# Maximilian my rooster



## birdguy (Jan 15, 2013)

Hes amazing i put him with the hens and they're great together


----------



## birdguy (Jan 15, 2013)

birdguy said:


> Hes amazing i put him with the hens and they're great together


Here he is


----------



## soccerchicken12 (Feb 8, 2013)

Oh he's a pretty boy!


----------



## AlexTS113 (Feb 17, 2013)

So pretty! Beautiful run, did you build it, and what are the dimensions?


----------



## InnKeeper (Feb 17, 2013)

I LOVE his fuzzy feathered feet!!


----------



## fuzziebutt (Aug 7, 2012)

He casts the shadow of an eagle in flight!! A mighty man! Look at the last picture of him, and look at the shadow around him!


----------



## birdguy (Jan 15, 2013)

AlexTS113 said:


> So pretty! Beautiful run, did you build it, and what are the dimensions?


Yes and 8 by 8 or bigger


----------



## birdguy (Jan 15, 2013)

fuzziebutt said:


> He casts the shadow of an eagle in flight!! A mighty man! Look at the last picture of him, and look at the shadow around him!


Wow i can't believe you saw that


----------



## soccerchicken12 (Feb 8, 2013)

Is he nice to you?


----------



## birdguy (Jan 15, 2013)

soccerchicken12 said:


> Is he nice to you?


Yes!! He is awesome when he gets excited he like jumps around in the ground is so cute i wish we could just post videos too


----------



## birdguy (Jan 15, 2013)

What would the chickens look like If he breeds with barred rocks or an austrolorp


----------



## jen3910 (Sep 3, 2012)

He is a beauty! Can't wait to see the babies - if he can work around all those feathers.


----------



## birdguy (Jan 15, 2013)

jen3910 said:


> He is a beauty! Can't wait to see the babies - if he can work around all those feathers.

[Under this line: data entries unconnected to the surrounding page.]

lemma T_scaled_lower:
  assumes "n \<ge> 1" "0 \<le> \<delta>" "\<delta> \<le> 1/10"
  shows "sqrt (2 / (pi * (2/3 + \<delta> + 1 / real n))) * ((\<Sum>j\<le>n. even_weight n j) - 2 * exp (- 2 * real n * \<delta>^2))
           \<le> sqrt (real n) * (T_real n / 3 ^ n)"
proof -
  define l where "l = sqrt (2 / (pi * (2/3 + \<delta> + 1 / real n)))"
  have "l \<ge> 0" unfolding l_def using assms by (simp add: add_pos_nonneg)
  have "(\<Sum>j\<le>n. even_weight n j) - 2 * exp (- 2 * real n * \<delta>^2) \<le> (\<Sum>j\<in>bulk n \<delta>. even_weight n j)"
    using sum_bulk_tail[of "even_weight n" n \<delta>] even_weight_tail[of n \<delta>] assms by simp
  hence "l * ((\<Sum>j\<le>n. even_weight n j) - 2 * exp (- 2 * real n * \<delta>^2)) \<le> l * (\<Sum>j\<in>bulk n \<delta>. even_weight n j)"
    using \<open>l \<ge> 0\<close> by (rule mult_left_mono)
  also have "\<dots> = (\<Sum>j\<in>bulk n \<delta>. even_weight n j * l)" by (simp add: sum_distrib_left mult.commute)
  also have "\<dots> \<le> (\<Sum>j\<in>bulk n \<delta>. even_weight n j * (sqrt (real n) * cbin j))"
    unfolding l_def using assms by (intro sum_mono mult_left_mono cbin_bulk_lower even_weight_nonneg)
  also have "\<dots> \<le> (\<Sum>j\<le>n. even_weight n j * (sqrt (real n) * cbin j))"
    unfolding sum_bulk_tail[of _ n \<delta>]
    by (intro add_increasing2 sum_nonneg mult_nonneg_nonneg even_weight_nonneg) (auto intro: less_imp_le[OF cbin_pos])
  finally show ?thesis unfolding l_def T_scaled_weighted .
qed
lemma hermite_sum_eq_fact_mult:
  fixes c :: "nat \<Rightarrow> int"
  assumes "N > 0" "p \<ge> 1"
  obtains z where "(\<Sum>k\<le>m. of_int (c k) * poly (hermite_F N p m) (real k / real N))
    = fact (p - 1) * of_int (c 0 * int N ^ (p - 1) * hermite_const p m + int p * z)"
proof -
  let ?F = "hermite_F N p m" and ?P = "hermite_const p m"
  have "\<forall>k\<in>{..m}. \<exists>W. W \<in> \<int> \<and> poly ?F (real k / real N) =
      fact (p - 1) * ((if k = 0 then real N ^ (p - 1) * of_int ?P else 0) + real p * W)"
    using hermite_F_value[OF assms] by (metis atMost_iff)
  then obtain W where W: "\<And>k. k \<le> m \<Longrightarrow> W k \<in> \<int> \<and> poly ?F (real k / real N) =
      fact (p - 1) * ((if k = 0 then real N ^ (p - 1) * of_int ?P else 0) + real p * W k)"
    by (metis atMost_iff)
  have "(\<Sum>k\<le>m. of_int (c k) * W k) \<in> \<int>" using W by (intro Ints_sum Ints_mult) auto
  then obtain z where z: "(\<Sum>k\<le>m. of_int (c k) * W k) = of_int z" by (auto elim: Ints_cases)
  have "(\<Sum>k\<le>m. of_int (c k) * poly ?F (real k / real N)) = (\<Sum>k\<le>m. of_int (c k) *
      (fact (p - 1) * ((if k = 0 then real N ^ (p - 1) * of_int ?P else 0) + real p * W k)))"
    using W by (intro sum.cong) auto
  also have "\<dots> = fact (p - 1) * ((\<Sum>k\<le>m. of_int (c k) * (if k = 0 then real N ^ (p - 1) * of_int ?P else 0))
       + real p * (\<Sum>k\<le>m. of_int (c k) * W k))"
    by (simp add: algebra_simps sum.distrib sum_distrib_left)
  also have "(\<Sum>k\<le>m. of_int (c k) * (if k = 0 then real N ^ (p - 1) * of_int ?P else 0)) =
      of_int (c 0) * real N ^ (p - 1) * of_int ?P"
    by (simp add: if_distrib sum.delta cong: if_cong)
  also have "fact (p - 1) * (of_int (c 0) * real N ^ (p - 1) * of_int ?P + real p * (\<Sum>k\<le>m. of_int (c k) * W k))
      = fact (p - 1) * of_int (c 0 * int N ^ (p - 1) * ?P + int p * z)"
    by (simp add: z)
  finally show ?thesis by (rule that)
qed
section \<open>Linear isometries\<close>

lemma linear_isometry_inner:
  fixes L :: "'a::real_inner \<Rightarrow> 'b::real_inner"
  assumes L: "linear L" and norm_L: "\<And>y. norm (L y) = norm y"
  shows "L y \<bullet> L z = y \<bullet> z"
proof -
  have square: "L v \<bullet> L v = v \<bullet> v" for v
    using norm_L[of v] by (metis power2_norm_eq_inner)
  have "(L y + L z) \<bullet> (L y + L z) = (y + z) \<bullet> (y + z)"
    using square[of "y + z"] by (simp add: linear_add[OF L])
  then show ?thesis
    using square[of y] square[of z] by (simp add: inner_add inner_commute)
qed

lemma adjoint_linear_isometry:
  fixes L :: "'a::euclidean_space \<Rightarrow> 'b::euclidean_space"
  assumes L: "linear L" and norm_L: "\<And>y. norm (L y) = norm y"
  shows "adjoint L (L y) = y"
proof -
  have "(adjoint L (L y) - y) \<bullet> z = 0" for z
    by (simp add: inner_diff_left adjoint_clauses(2)[OF L] linear_isometry_inner[OF L norm_L])
  then show ?thesis by (metis eq_iff_diff_eq_0 inner_eq_zero_iff)
qed

lemma orth_proj_range_linear_isometry:
  fixes L :: "'a::euclidean_space \<Rightarrow> 'b::euclidean_space"
  assumes L: "linear L" and norm_L: "\<And>y. norm (L y) = norm y"
  shows "orth_proj (range L) x = L (adjoint L x)"
proof -
  have orth_iff: "(\<forall>w\<in>range L. (x - L y) \<bullet> w = 0) \<longleftrightarrow> y = adjoint L x" for y
  proof -
    have "(x - L y) \<bullet> L z = (adjoint L x - y) \<bullet> z" for z
      by (simp add: inner_diff_left adjoint_clauses(2)[OF L] linear_isometry_inner[OF L norm_L])
    then show ?thesis
      by (metis (no_types, lifting) eq_iff_diff_eq_0 inner_eq_zero_iff inner_zero_left rangeE rangeI)
  qed
  show ?thesis
    unfolding orth_proj_def by (rule the_equality) (use orth_iff in auto)
qed
(* Let $\sigma$ be an erasing $k$-block substitution with $w_\epsilon\ne1^k$. Then for every $x\in f_\sigma(\mathbb I)\setminus\mathcal Q_2^0$, the fiber $f_\sigma^{-1}(x)$ is uncountable.
   Context: Notation: $\mathbb I=[0,1]$. $\mathcal Q_2^0$ is the set of dyadic rationals in $[0,1)$, i.e. the dyadic rationals of $\mathbb I$ other than $1$. $\{0,1\}^*$ and $\{0,1\}^\omega$ denote finite and infinite binary words, and $\epsilon$ is the empty word. For a word $w$, set $0.w=\sum_iw_i2^{-i}$. For $x\in(0,1]$, $\widetilde x$ is the unique infinite binary expansion of $x$ not ending in $0^\infty$. Fix $k\ge2$. An erasing $k$-block substitution is a map $\sigma:\{0,1\}^k\to\{0,1\}^*$ with exactly one block $w_\epsilon$ such that $\sigma(w_\epsilon)=\epsilon$. It acts blockwise on infinite words, concatenating the images of consecutive $k$-blocks. The map $f_\sigma:\mathbb I\to\mathbb I$ is defined by $f_\sigma(x)=0.\sigma(\widetilde x)$ if $x\in(0,1]$ and $\widetilde x\neq w_\epsilon^\infty$, and $f_\sigma(x)=0$ otherwise. *)

theory Defs
  imports "HOL-Analysis.Analysis"
begin

text \<open>Binary words are lists of booleans (True = 1, False = 0); infinite binary
words are functions nat => bool, position 0 being the first digit.\<close>

definition bin_val :: "bool list \<Rightarrow> real" where
  "bin_val w = (\<Sum>i<length w. (if w ! i then 1 else 0) / 2 ^ (i + 1))"

definition inf_bin_val :: "(nat \<Rightarrow> bool) \<Rightarrow> real" where
  "inf_bin_val d = (\<Sum>i. (if d i then 1 else 0) / 2 ^ (i + 1))"
lemma F_pullback_lift:
  assumes pb: "is_F_pullback T X Y Z f g P p q"
    and "x < length X" "y < length Y" "\<alpha> \<in> hom T w (X!x)" "\<beta> \<in> hom T w (Y!y)"
    and "fst f x = fst g y" "cmp T (snd f x) \<alpha> = cmp T (snd g y) \<beta>"
  obtains j u where "j < length P" "u \<in> hom T w (P!j)"
    "fst p j = x" "cmp T (snd p j) u = \<alpha>" "fst q j = y" "cmp T (snd q j) u = \<beta>"
proof -
  have "w \<in> ob T" using assms(4) hom_ob by blast
  then have "F_hom T [w] X (\<lambda>_. x, \<lambda>_. \<alpha>)" "F_hom T [w] Y (\<lambda>_. y, \<lambda>_. \<beta>)"
    and "F_eq [w] (F_comp T f (\<lambda>_. x, \<lambda>_. \<alpha>)) (F_comp T g (\<lambda>_. y, \<lambda>_. \<beta>))"
    using assms pb by (auto simp: is_F_pullback_def F_hom_def F_obj_def F_eq_def F_comp_def)
  then obtain h where "F_hom T [w] P h" "F_eq [w] (F_comp T p h) (\<lambda>_. x, \<lambda>_. \<alpha>)"
    "F_eq [w] (F_comp T q h) (\<lambda>_. y, \<lambda>_. \<beta>)"
    using pb unfolding is_F_pullback_def by meson
  then show thesis
    by (intro that[of "fst h 0" "snd h 0"]) (auto simp: F_hom_def F_eq_def F_comp_def)
qed
section \<open>Lower bound\<close>

lemma ramsey_two_colours:
  assumes "finite V" and "(k + l) choose k \<le> card V"
  shows "\<exists>R\<subseteq>V. card R = k \<and> clique R G \<or> card R = l \<and> indep R G"
proof -
  obtain N where N: "partn_lst {..<N} [k, l] 2" and "N \<le> card V"
    using ramsey2_full[of 2 k l] assms(2) by (simp add: ES2_choose)
  then obtain v where v: "inj_on v {..<N}" "v ` {..<N} \<subseteq> V"
    using assms(1) by (metis card_le_inj card_lessThan finite_lessThan)
  define f where "f e = (if v ` e \<in> G then 0 else Suc 0)" for e
  have "f \<in> nsets {..<N} 2 \<rightarrow> {..<Suc (Suc 0)}"
    by (simp add: f_def)
  then obtain i U where i: "i < 2" and fU: "f ` nsets U 2 \<subseteq> {i}"
    and U: "U \<in> nsets {..<N} ([k, l] ! i)"
    using N numeral_2_eq_2 by (auto simp: partn_lst_def monochromatic_def)
  have "U \<subseteq> {..<N}"
    using U by (simp add: nsets_def)
  then have card_vU: "card (v ` U) = card U"
    by (intro card_image inj_on_subset[OF v(1)])
  have colour: "({v x, v y} \<in> G) = (i = 0)" if "x \<in> U" "y \<in> U" "x \<noteq> y" for x y
  proof -
    have "{x, y} \<in> nsets U 2"
      using that by simp
    then have "f {x, y} = i"
      using fU by blast
    then show ?thesis
      using i by (auto simp: f_def split: if_splits)
  qed
  have "v ` U \<subseteq> V"
    using U v by (auto simp: nsets_def)
  moreover have "card (v ` U) = k \<and> clique (v ` U) G \<or> card (v ` U) = l \<and> indep (v ` U) G"
  proof (cases "i = 0")
    case True
    then show ?thesis
      using U colour card_vU unfolding clique_def nsets_def by auto
  next
    case False
    then have "i = 1" using i by simp
    then show ?thesis
      using U colour card_vU unfolding indep_def nsets_def by auto
  qed
  ultimately show ?thesis by blast
qed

Lol it should be comming soon


----------



## fuzziebutt (Aug 7, 2012)

birdguy said:


> Wow i can't believe you saw that


For some insane reason, when a page opens, I start from the bottom up, and that was the first picture I saw, and the shadow was the first image that came into view. Try it!


----------



## Energyvet (Jul 25, 2012)

I think you can look for a button in your preferences that will switch it from bottom to top - to top to bottom. Unless you like it that way.


----------